Of the lines listed below, return exactly those that run from the line containing "dimension one less than that of the facets (dimension" through the line containing "(\<exists>H\<in>\<Delta>. H \<subseteq>", both included.

Records contained in a dataset:
--*--

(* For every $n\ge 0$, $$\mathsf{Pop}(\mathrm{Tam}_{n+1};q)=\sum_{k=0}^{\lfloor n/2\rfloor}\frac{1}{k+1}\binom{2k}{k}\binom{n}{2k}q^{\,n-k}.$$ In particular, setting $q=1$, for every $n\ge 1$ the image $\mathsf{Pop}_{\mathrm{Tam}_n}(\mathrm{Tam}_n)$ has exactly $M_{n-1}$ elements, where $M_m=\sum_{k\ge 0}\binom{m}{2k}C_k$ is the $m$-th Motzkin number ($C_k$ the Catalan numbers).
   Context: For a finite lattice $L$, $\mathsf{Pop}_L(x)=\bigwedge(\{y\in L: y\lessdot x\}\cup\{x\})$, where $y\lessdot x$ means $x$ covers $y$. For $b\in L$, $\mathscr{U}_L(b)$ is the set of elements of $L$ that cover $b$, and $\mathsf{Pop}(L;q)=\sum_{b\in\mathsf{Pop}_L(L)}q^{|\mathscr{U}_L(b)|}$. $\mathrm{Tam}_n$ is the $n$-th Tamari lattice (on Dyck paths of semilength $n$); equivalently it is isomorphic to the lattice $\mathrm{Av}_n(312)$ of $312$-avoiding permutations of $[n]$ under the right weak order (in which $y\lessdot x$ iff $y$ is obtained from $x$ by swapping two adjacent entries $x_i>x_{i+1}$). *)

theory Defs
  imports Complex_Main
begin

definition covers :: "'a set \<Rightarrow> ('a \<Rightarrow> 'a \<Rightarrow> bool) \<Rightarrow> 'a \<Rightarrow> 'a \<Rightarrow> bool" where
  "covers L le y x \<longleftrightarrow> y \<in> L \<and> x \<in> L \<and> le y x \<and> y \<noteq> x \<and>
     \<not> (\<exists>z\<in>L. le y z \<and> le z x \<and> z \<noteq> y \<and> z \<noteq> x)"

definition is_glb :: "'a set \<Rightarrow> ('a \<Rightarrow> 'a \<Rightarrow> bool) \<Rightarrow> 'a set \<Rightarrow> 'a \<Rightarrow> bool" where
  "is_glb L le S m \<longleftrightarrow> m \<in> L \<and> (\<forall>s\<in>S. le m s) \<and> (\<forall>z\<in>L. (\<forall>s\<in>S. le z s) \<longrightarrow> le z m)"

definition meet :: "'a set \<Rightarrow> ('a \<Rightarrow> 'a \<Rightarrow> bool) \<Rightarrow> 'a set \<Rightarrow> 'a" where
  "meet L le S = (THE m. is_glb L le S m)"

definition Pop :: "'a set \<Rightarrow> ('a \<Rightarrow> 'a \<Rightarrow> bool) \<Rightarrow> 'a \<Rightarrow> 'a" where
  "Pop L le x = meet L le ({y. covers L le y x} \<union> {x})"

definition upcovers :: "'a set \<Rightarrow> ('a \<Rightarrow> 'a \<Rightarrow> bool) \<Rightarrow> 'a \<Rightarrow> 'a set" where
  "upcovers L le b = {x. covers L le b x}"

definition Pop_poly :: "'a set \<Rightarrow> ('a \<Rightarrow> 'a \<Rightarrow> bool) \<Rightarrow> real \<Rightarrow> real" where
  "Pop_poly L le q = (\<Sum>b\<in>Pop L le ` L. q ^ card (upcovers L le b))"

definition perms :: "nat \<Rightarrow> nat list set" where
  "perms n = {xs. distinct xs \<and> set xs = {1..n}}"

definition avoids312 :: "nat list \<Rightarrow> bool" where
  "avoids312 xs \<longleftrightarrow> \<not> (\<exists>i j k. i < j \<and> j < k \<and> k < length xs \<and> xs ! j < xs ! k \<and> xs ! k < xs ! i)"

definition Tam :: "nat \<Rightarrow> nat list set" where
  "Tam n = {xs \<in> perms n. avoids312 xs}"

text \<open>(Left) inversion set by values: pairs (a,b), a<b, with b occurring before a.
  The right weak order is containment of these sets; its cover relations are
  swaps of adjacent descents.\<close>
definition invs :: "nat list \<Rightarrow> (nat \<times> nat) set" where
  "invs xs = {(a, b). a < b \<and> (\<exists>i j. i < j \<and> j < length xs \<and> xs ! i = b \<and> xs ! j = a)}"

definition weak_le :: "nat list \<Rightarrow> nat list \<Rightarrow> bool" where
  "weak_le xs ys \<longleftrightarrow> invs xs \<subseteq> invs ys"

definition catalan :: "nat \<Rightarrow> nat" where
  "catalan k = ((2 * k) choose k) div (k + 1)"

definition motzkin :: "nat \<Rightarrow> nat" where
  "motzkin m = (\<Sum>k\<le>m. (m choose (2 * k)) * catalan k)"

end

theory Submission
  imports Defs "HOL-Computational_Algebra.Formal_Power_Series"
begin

--*--

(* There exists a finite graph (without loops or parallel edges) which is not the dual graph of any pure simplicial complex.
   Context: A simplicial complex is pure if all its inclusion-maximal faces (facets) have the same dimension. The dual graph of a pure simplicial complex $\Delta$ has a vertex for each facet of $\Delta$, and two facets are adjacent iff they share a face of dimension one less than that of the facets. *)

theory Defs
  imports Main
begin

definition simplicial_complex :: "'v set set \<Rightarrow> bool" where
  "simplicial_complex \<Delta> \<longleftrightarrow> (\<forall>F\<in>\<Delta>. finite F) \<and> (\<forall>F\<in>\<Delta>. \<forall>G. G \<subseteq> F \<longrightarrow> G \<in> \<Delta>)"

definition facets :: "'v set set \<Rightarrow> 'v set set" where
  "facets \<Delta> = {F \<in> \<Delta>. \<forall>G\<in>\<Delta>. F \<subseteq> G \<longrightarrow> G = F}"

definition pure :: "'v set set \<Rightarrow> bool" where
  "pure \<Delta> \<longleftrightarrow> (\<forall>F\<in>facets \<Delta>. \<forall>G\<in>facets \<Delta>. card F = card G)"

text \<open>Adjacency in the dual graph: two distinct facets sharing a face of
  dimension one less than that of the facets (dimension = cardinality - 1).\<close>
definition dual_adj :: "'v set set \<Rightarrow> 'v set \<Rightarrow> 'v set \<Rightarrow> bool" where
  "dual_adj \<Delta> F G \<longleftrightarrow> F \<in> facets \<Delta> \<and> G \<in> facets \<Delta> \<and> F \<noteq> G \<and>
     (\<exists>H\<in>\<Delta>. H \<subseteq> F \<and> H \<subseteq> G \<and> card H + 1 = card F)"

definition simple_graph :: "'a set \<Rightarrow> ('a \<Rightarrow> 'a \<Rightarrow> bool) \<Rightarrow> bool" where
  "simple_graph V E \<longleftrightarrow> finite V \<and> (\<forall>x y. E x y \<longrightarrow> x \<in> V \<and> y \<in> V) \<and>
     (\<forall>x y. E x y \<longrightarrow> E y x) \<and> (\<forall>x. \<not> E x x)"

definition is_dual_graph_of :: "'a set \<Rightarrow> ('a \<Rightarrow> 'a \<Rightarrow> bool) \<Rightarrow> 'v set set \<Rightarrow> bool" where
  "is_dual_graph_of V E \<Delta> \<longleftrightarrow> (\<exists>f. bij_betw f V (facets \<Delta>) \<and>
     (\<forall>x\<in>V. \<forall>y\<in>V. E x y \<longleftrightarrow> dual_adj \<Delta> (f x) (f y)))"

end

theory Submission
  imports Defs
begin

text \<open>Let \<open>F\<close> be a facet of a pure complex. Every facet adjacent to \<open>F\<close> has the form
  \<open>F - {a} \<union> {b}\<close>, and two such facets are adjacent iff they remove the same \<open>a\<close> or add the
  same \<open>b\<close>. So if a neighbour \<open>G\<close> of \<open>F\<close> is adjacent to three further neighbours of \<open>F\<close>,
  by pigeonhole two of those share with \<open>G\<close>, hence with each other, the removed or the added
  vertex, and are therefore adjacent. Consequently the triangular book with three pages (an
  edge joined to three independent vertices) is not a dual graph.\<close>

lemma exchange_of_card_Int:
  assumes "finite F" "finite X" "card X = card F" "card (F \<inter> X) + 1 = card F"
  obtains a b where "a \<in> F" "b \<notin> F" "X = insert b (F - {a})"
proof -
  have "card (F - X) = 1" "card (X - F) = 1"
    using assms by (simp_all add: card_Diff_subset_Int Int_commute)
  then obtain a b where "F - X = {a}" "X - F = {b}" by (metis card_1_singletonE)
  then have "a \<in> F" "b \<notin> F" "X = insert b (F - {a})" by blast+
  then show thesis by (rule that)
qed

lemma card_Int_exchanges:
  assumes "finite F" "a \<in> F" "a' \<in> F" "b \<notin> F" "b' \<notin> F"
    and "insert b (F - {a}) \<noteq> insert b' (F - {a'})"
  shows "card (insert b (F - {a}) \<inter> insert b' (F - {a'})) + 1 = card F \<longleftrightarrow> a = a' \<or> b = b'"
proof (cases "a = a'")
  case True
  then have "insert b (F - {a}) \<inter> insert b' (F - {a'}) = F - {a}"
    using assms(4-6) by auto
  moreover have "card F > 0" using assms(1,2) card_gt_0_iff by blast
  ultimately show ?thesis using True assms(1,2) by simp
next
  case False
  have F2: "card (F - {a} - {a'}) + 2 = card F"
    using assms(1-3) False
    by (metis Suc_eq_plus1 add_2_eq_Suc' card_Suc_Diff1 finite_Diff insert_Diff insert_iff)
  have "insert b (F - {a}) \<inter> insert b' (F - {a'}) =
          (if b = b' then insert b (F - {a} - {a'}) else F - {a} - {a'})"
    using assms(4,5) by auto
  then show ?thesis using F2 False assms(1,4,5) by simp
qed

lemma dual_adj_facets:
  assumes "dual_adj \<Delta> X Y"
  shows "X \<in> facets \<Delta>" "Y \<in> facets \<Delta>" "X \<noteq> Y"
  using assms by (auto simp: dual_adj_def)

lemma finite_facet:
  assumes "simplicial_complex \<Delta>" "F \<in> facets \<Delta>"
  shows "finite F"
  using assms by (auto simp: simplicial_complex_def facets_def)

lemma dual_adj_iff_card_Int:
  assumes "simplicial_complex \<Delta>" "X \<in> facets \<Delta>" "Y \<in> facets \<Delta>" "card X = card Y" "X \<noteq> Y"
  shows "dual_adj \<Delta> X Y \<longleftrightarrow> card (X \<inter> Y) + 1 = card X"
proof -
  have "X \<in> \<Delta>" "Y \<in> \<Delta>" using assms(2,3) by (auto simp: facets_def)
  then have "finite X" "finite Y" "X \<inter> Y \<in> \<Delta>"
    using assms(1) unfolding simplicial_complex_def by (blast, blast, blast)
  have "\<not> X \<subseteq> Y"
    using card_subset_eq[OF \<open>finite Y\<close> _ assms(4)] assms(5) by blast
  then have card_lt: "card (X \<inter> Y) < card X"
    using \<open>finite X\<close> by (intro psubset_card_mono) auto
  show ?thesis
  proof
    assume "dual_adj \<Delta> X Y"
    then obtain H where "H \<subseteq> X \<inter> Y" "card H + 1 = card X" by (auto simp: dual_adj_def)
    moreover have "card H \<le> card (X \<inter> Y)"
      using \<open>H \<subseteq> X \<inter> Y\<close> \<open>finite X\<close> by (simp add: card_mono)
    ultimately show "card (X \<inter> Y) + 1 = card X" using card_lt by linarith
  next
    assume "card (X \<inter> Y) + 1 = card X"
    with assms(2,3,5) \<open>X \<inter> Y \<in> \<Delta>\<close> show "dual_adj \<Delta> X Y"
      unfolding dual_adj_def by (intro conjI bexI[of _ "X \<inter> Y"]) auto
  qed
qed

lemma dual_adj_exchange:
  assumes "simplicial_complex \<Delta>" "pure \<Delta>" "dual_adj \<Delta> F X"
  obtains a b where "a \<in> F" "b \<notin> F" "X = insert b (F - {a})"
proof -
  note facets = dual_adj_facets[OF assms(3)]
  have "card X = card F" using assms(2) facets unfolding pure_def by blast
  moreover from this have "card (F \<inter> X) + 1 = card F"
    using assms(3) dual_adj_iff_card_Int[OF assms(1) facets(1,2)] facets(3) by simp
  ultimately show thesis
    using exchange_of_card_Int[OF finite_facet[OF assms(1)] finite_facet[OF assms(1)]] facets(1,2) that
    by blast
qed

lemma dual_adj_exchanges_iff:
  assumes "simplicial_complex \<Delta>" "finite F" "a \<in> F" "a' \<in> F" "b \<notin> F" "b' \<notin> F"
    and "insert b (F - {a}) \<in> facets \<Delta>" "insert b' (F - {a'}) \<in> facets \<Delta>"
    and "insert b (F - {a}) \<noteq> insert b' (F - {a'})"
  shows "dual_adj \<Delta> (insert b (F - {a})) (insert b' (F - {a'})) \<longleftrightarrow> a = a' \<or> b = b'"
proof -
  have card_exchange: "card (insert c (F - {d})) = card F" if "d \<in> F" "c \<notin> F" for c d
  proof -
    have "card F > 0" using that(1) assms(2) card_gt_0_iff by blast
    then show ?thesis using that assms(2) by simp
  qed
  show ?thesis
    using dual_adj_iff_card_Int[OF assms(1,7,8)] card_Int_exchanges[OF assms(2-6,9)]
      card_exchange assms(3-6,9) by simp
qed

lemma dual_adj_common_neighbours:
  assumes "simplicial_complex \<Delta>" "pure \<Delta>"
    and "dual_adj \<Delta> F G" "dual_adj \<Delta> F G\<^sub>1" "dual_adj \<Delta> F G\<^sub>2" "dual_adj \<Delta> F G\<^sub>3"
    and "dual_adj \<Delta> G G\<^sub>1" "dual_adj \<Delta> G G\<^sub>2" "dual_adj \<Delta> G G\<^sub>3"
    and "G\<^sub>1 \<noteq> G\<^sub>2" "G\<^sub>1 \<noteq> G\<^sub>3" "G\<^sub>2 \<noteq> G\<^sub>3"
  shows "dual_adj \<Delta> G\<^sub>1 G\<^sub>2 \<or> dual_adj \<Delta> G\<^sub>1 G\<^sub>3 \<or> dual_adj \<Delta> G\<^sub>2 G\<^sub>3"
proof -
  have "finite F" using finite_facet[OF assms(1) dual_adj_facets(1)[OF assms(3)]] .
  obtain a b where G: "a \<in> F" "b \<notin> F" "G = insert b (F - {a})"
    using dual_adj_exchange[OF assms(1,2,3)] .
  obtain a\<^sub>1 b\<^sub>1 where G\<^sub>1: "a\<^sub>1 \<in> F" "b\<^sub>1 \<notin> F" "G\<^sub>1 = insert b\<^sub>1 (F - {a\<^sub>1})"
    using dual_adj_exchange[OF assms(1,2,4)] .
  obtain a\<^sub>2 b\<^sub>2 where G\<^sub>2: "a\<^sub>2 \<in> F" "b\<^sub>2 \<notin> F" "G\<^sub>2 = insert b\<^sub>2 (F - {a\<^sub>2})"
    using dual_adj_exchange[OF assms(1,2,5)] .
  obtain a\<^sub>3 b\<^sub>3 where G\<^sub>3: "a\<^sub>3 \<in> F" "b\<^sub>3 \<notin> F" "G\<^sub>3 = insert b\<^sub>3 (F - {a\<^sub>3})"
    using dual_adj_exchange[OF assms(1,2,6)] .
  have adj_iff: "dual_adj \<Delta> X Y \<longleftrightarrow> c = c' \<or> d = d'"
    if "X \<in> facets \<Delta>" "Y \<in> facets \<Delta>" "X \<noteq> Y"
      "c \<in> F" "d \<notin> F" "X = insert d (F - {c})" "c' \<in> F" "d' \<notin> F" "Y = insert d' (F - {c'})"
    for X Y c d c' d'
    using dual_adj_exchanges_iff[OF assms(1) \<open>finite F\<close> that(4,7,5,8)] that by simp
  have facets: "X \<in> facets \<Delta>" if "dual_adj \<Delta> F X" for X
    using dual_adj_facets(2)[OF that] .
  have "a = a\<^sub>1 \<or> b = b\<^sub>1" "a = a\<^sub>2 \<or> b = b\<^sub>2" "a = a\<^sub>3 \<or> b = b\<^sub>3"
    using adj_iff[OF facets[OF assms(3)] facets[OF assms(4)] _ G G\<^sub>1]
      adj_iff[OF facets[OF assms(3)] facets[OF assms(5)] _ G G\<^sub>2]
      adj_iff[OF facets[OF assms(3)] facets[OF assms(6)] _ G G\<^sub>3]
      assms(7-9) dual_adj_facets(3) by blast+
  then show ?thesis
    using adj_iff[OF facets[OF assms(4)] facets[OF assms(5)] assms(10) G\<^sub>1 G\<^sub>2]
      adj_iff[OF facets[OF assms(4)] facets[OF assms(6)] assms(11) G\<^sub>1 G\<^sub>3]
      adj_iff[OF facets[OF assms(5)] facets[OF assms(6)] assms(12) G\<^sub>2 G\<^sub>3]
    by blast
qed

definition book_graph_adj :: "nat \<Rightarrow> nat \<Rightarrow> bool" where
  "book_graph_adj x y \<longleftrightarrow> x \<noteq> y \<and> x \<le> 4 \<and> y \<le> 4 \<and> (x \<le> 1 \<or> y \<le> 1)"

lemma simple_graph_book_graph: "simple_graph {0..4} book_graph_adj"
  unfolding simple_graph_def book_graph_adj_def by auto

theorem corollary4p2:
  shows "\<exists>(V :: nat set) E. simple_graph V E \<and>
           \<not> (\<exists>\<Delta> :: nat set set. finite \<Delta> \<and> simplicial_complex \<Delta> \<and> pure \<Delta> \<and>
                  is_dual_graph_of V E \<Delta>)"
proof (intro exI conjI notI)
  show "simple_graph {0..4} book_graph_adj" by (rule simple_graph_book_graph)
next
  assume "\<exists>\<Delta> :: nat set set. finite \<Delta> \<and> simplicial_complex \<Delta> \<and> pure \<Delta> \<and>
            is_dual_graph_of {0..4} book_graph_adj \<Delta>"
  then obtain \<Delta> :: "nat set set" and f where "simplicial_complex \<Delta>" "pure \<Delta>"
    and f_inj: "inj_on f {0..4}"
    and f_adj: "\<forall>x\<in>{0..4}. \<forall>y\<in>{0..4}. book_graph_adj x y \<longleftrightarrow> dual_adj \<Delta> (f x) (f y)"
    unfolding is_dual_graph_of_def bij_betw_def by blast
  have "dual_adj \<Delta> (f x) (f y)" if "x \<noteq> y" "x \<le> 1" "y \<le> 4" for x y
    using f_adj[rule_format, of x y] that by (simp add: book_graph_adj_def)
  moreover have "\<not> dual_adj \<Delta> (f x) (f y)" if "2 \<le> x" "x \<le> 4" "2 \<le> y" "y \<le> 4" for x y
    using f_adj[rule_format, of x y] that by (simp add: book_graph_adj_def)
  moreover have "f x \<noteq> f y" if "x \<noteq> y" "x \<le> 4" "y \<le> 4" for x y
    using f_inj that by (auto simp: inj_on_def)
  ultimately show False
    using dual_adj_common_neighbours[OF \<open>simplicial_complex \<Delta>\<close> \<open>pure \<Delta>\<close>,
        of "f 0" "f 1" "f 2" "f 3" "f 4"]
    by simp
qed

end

--*--

Exercise response:
  dimension one less than that of the facets (dimension = cardinality - 1).\<close>
definition dual_adj :: "'v set set \<Rightarrow> 'v set \<Rightarrow> 'v set \<Rightarrow> bool" where
  "dual_adj \<Delta> F G \<longleftrightarrow> F \<in> facets \<Delta> \<and> G \<in> facets \<Delta> \<and> F \<noteq> G \<and>
     (\<exists>H\<in>\<Delta>. H \<subseteq> F \<and> H \<subseteq> G \<and> card H + 1 = card F)"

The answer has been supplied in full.